- [WHAT THE TASK ASKS] From the first line of the data below through the line holding "m m) \<and>", write out each line exactly as it stands.

- [SUPPLIED DATA]
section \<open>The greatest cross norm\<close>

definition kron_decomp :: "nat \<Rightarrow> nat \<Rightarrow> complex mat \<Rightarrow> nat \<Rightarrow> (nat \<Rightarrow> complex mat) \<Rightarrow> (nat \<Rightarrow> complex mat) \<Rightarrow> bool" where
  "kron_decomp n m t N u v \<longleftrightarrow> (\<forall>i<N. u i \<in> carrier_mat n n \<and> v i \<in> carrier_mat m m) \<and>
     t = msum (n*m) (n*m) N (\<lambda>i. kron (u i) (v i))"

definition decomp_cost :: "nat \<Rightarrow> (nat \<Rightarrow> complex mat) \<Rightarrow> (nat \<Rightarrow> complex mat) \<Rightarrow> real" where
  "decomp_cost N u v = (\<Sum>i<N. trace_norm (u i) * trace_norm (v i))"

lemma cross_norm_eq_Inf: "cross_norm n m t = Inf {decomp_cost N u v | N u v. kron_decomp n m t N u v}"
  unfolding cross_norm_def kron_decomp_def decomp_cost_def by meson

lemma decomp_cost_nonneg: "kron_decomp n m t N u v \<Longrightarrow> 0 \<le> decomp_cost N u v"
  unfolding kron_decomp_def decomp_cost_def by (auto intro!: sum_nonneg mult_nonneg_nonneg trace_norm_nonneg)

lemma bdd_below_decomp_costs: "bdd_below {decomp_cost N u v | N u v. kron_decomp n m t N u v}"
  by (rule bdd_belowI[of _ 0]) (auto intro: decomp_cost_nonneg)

- [WRITTEN ANSWER]
section \<open>The greatest cross norm\<close>

definition kron_decomp :: "nat \<Rightarrow> nat \<Rightarrow> complex mat \<Rightarrow> nat \<Rightarrow> (nat \<Rightarrow> complex mat) \<Rightarrow> (nat \<Rightarrow> complex mat) \<Rightarrow> bool" where
  "kron_decomp n m t N u v \<longleftrightarrow> (\<forall>i<N. u i \<in> carrier_mat n n \<and> v i \<in> carrier_mat m m) \<and>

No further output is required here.